Q4: The method is implemented only on LLaMA; it is unclear whether the same improvement holds for other architectures.
A4: We have conducted extensive experiments using two additional and distinct model architectures: (1) GPT-nano on the C4 dataset, and (2) ViT-tiny on ImageNet-1K. We performed a thorough hyperparameter search for the Adam optimizer. The results are shown below:
| Backbone / Dataset | Metric | Uniform | AWD | AdaDecay | AlphaDecay |
|---|---|---|---|---|---|
| GPT-nano / C4 | PPL | 27.564 | 27.641 | 27.680 | 27.374 |
| ViT-tiny / ImageNet-1K | Top-1 | 66.41% | 64.98% | 66.26% | 67.73% |
As shown above, AlphaDecay consistently outperforms other regularization strategies on both language and vision architectures, suggesting that module‑wise α‑balancing is architecture‑agnostic. We hope these additional results clarify the robustness of our method.
Q5: All parameters and metrics should be defined before usage; for instance, PL_Hill estimator is not introduced at its first appearance in Fig. 1.
A5: We will:
- insert a one‑sentence definition of PL_Alpha_Hill and ESD in §3;
- add the same definition to the captions of Fig. 1 and Fig. 3;
- create a mini‑glossary of acronyms in Appendix A;
- add inline comments to Algorithm 1 linking each variable to its equation.
Thank you for highlighting these omissions—clear notation will make the paper much easier to follow.
Dear Authors, Thank you for conducting the additional experiments. I will raise my evaluation score.

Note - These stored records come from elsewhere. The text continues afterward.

lemma foldl_step_not_halting: "0 \<notin> set w \<Longrightarrow> foldl step start w \<notin> {accept, reject}"
proof (induction w rule: rev_induct)
  case Nil
  then show ?case using start_not_halting by simp
next
  case (snoc s w)
  then show ?case using no_early_halting[OF foldl_step_state[OF start_state]] by simp
qed

lemma tm_step_sim_tm:
  assumes "q \<in> states" and "q \<notin> {accept, reject}"
  shows "tm_step (sim_tm \<Sigma>) (code q, [(L, s, R)]) =
    (code (step q s), [move_tape (L, s, R) (0, MoveR)])"
proof -
  have "code q \<noteq> code accept" "code q \<noteq> code reject"
    using assms accept_state reject_state inj_on_code by (auto simp: inj_on_eq_iff)
  then show ?thesis using assms inj_on_code by (simp add: tm_step_def sim_tm_def)
qed

lemma tm_run_sim_tm:
  assumes "0 \<notin> set w" and "k \<le> length w"
  shows "tm_run (sim_tm \<Sigma>) w k =
    (code (foldl step start (take k w)),
     [(replicate k 0, if k < length w then w ! k else 0, drop (Suc k) w)])"
  using assms(2)
proof (induction k)
  case 0
  then show ?case by (cases w) (auto simp: tm_run_def tm_init_def sim_tm_def)
next
  case (Suc k)
  let ?q = "foldl step start (take k w)"
  have k: "k < length w" using Suc.prems by simp
  have q: "?q \<in> states" "?q \<notin> {accept, reject}"
    using foldl_step_state[OF start_state] foldl_step_not_halting assms(1) by (auto dest: in_set_takeD)
  have "tm_run (sim_tm \<Sigma>) w (Suc k) = tm_step (sim_tm \<Sigma>) (tm_run (sim_tm \<Sigma>) w k)"
    by (simp add: tm_run_def)
  also have "\<dots> = (code (step ?q (w ! k)), [move_tape (replicate k 0, w ! k, drop (Suc k) w) (0, MoveR)])"
    using Suc k tm_step_sim_tm[OF q] by simp
  also have "\<dots> = (code (foldl step start (take (Suc k) w)),
      [(replicate (Suc k) 0, if Suc k < length w then w ! Suc k else 0, drop (Suc (Suc k)) w)])"
  proof -
    have "foldl step start (take (Suc k) w) = step ?q (w ! k)"
      using k by (simp add: take_Suc_conv_app_nth)
    then show ?thesis
      using k by (cases "Suc k < length w") (auto simp: Cons_nth_drop_Suc[symmetric])
  qed
  finally show ?case .
qed

lemma sim_tm_final_state:
  assumes "0 \<notin> set w"
  shows "fst (tm_run (sim_tm \<Sigma>) w (Suc (length w))) = code (step (foldl step start w) 0)"
proof -
  have "tm_run (sim_tm \<Sigma>) w (Suc (length w)) = tm_step (sim_tm \<Sigma>) (tm_run (sim_tm \<Sigma>) w (length w))"
    by (simp add: tm_run_def)
  then show ?thesis
    using tm_run_sim_tm[OF assms, of "length w"] tm_step_sim_tm foldl_step_state[OF start_state]
      foldl_step_not_halting[OF assms] by simp
qed

end

definition completes_row :: "bool list \<Rightarrow> bool option list \<Rightarrow> bool" where
  "completes_row u r \<longleftrightarrow> length u = length r \<and> (\<forall>j<length r. r ! j \<noteq> None \<longrightarrow> r ! j = Some (u ! j))"

lemma is_completion_iff_list_all2: "is_completion T S \<longleftrightarrow> list_all2 completes_row T S"
  by (auto simp: is_completion_def list_all2_conv_all_nth completes_row_def)

type_synonym profile = "bool list set \<times> bool"

definition row_profile :: "cmatrix \<Rightarrow> profile" where
  "row_profile T = (set T, \<not> distinct T)"

definition completion_profiles :: "imatrix \<Rightarrow> profile set" where
  "completion_profiles S = row_profile ` {T. list_all2 completes_row T S}"

definition add_row :: "profile set \<Rightarrow> bool option list \<Rightarrow> profile set" where
  "add_row P r = {(insert u A, d \<or> u \<in> A) | A d u. (A, d) \<in> P \<and> completes_row u r}"

lemma row_profile_snoc: "row_profile (T @ [u]) = (insert u (set T), \<not> distinct T \<or> u \<in> set T)"
  by (auto simp: row_profile_def)

lemma completion_profiles_snoc: "completion_profiles (S @ [r]) = add_row (completion_profiles S) r"
proof
  show "completion_profiles (S @ [r]) \<subseteq> add_row (completion_profiles S) r"
  proof
    fix p assume "p \<in> completion_profiles (S @ [r])"
    then obtain T u where p: "p = row_profile (T @ [u])" and T: "list_all2 completes_row T S"
      and u: "completes_row u r"
      by (auto simp: completion_profiles_def list_all2_append2 list_all2_Cons2)
    have "(set T, \<not> distinct T) \<in> completion_profiles S"
      using T by (auto simp: completion_profiles_def row_profile_def)
    then show "p \<in> add_row (completion_profiles S) r"
      unfolding add_row_def p row_profile_snoc using u by blast
  qed
next
  show "add_row (completion_profiles S) r \<subseteq> completion_profiles (S @ [r])"
  proof
    fix p assume "p \<in> add_row (completion_profiles S) r"
    then obtain T u where "p = row_profile (T @ [u])" "list_all2 completes_row T S" "completes_row u r"
      by (auto simp: add_row_def completion_profiles_def row_profile_snoc) (auto simp: row_profile_def)
    then have "list_all2 completes_row (T @ [u]) (S @ [r])" and "p = row_profile (T @ [u])"
      by (simp_all add: list_all2_appendI)
    then show "p \<in> completion_profiles (S @ [r])" unfolding completion_profiles_def by blast
  qed
qed

lemma foldl_add_row: "foldl add_row {({}, False)} S = completion_profiles S"
proof (induction S rule: rev_induct)
  case Nil
  then show ?case by (simp add: completion_profiles_def row_profile_def)
next
  case (snoc r S)
  then show ?case by (simp add: completion_profiles_snoc)
qed

definition row_dist :: "bool list \<Rightarrow> bool list \<Rightarrow> int" where
  "row_dist u v = int (hdist (map Some u) (map Some v))"

lemma row_dist_self [simp]: "row_dist u u = 0"
  by (simp add: row_dist_def hdist_def)

lemma row_dist_le_length: "row_dist u v \<le> int (length u)"
proof -
  have "hdist (map Some u) (map Some v) \<le> card {..<length u}"
    unfolding hdist_def by (rule card_mono) auto
  then show ?thesis by (simp add: row_dist_def)
qed

text \<open>A repeated row contributes the distance 0; this is what the flag of a profile records.\<close>
fun admissible :: "int \<Rightarrow> int \<Rightarrow> profile \<Rightarrow> bool" where
  "admissible a b (A, d) \<longleftrightarrow>
     (\<forall>u\<in>A. \<forall>v\<in>A. u \<noteq> v \<longrightarrow> a \<le> row_dist u v \<and> row_dist u v \<le> b) \<and> (d \<longrightarrow> a \<le> 0 \<and> 0 \<le> b)"

lemma gamma_delta_bounds_iff:
  "(2 \<le> length T \<longrightarrow> a \<le> int (gamma T) \<and> int (delta T) \<le> b) \<longleftrightarrow>
   (\<forall>x\<in>pair_dists T. a \<le> int x \<and> int x \<le> b)"
proof (cases "2 \<le> length T")
  case False
  then have "pair_dists T = {}" by (auto simp: pair_dists_def)
  then show ?thesis using False by simp
next
  case True
  have "pair_dists T \<subseteq>
      (\<lambda>(i, j). hdist (map Some (T ! i)) (map Some (T ! j))) ` ({..<length T} \<times> {..<length T})"
    by (auto simp: pair_dists_def)
  then have fin: "finite (pair_dists T)" by (rule finite_subset) auto
  have "hdist (map Some (T ! 0)) (map Some (T ! 1)) \<in> pair_dists T"
    using True unfolding pair_dists_def by force
  then have ne: "pair_dists T \<noteq> {}" by blast
  show ?thesis
    using True Min_in[OF fin ne] Max_in[OF fin ne] Min_le[OF fin] Max_ge[OF fin]
    unfolding gamma_def delta_def by force
qed

lemma pairwise_iff_admissible:
  "(\<forall>i<length T. \<forall>j<length T. i \<noteq> j \<longrightarrow> a \<le> row_dist (T ! i) (T ! j) \<and> row_dist (T ! i) (T ! j) \<le> b)
   \<longleftrightarrow> admissible a b (row_profile T)"
  (is "?pairwise \<longleftrightarrow> _")
proof
  assume pairwise: ?pairwise
  have "a \<le> row_dist u v \<and> row_dist u v \<le> b" if "u \<in> set T" "v \<in> set T" "u \<noteq> v" for u v
    using that pairwise by (auto simp: in_set_conv_nth)
  moreover have "a \<le> 0 \<and> 0 \<le> b" if "\<not> distinct T"
    using that pairwise by (auto simp: distinct_conv_nth) (metis row_dist_self)+
  ultimately show "admissible a b (row_profile T)" by (simp add: row_profile_def)
next
  assume admissible: "admissible a b (row_profile T)"
  show ?pairwise
  proof (intro allI impI)
    fix i j assume ij: "i < length T" "j < length T" "i \<noteq> j"
    show "a \<le> row_dist (T ! i) (T ! j) \<and> row_dist (T ! i) (T ! j) \<le> b"
    proof (cases "T ! i = T ! j")
      case True
      then have "\<not> distinct T" using ij by (auto simp: distinct_conv_nth)
      then show ?thesis using admissible True by (simp add: row_profile_def)
    next
      case False
      then show ?thesis using admissible ij by (simp add: row_profile_def)
    qed
  qed
qed

definition clamp :: "nat \<Rightarrow> int \<Rightarrow> int" where
  "clamp l a = max (- int (Suc l)) (min a (int (Suc l)))"

lemma clamp_compare:
  assumes "0 \<le> x" and "x \<le> int l"
  shows "clamp l a \<le> x \<longleftrightarrow> a \<le> x" and "x \<le> clamp l a \<longleftrightarrow> x \<le> a"
  using assms by (auto simp: clamp_def)

lemma admissible_clamp:
  assumes "A \<subseteq> {u. length u = l}"
  shows "admissible (clamp l a) (clamp l b) (A, d) \<longleftrightarrow> admissible a b (A, d)"
proof -
  have "0 \<le> row_dist u v \<and> row_dist u v \<le> int l" if "u \<in> A" for u v
    using row_dist_le_length[of u v] assms that by (auto simp: row_dist_def)
  then show ?thesis by (simp add: clamp_compare)
qed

Thank you for your thoughtful feedback and for considering our additional experiments. We appreciate your time and effort in reviewing our work, and your recognition means a lot to us.
This paper studies the effect of tuning weight decay value for each module. By using HR-SR theory, modules with higher PL_Alpha_Hill values will be assigned larger weight decay values, and modules with lower PL_Alpha_Hill values will be assigned smaller weight decay values. In the experiments, the decreaseing of validation perplexity shows the effectiveness of the method. By considering the suggestions of the reviewers, the authors also provide results on QA benchmarks and mathematical formulation.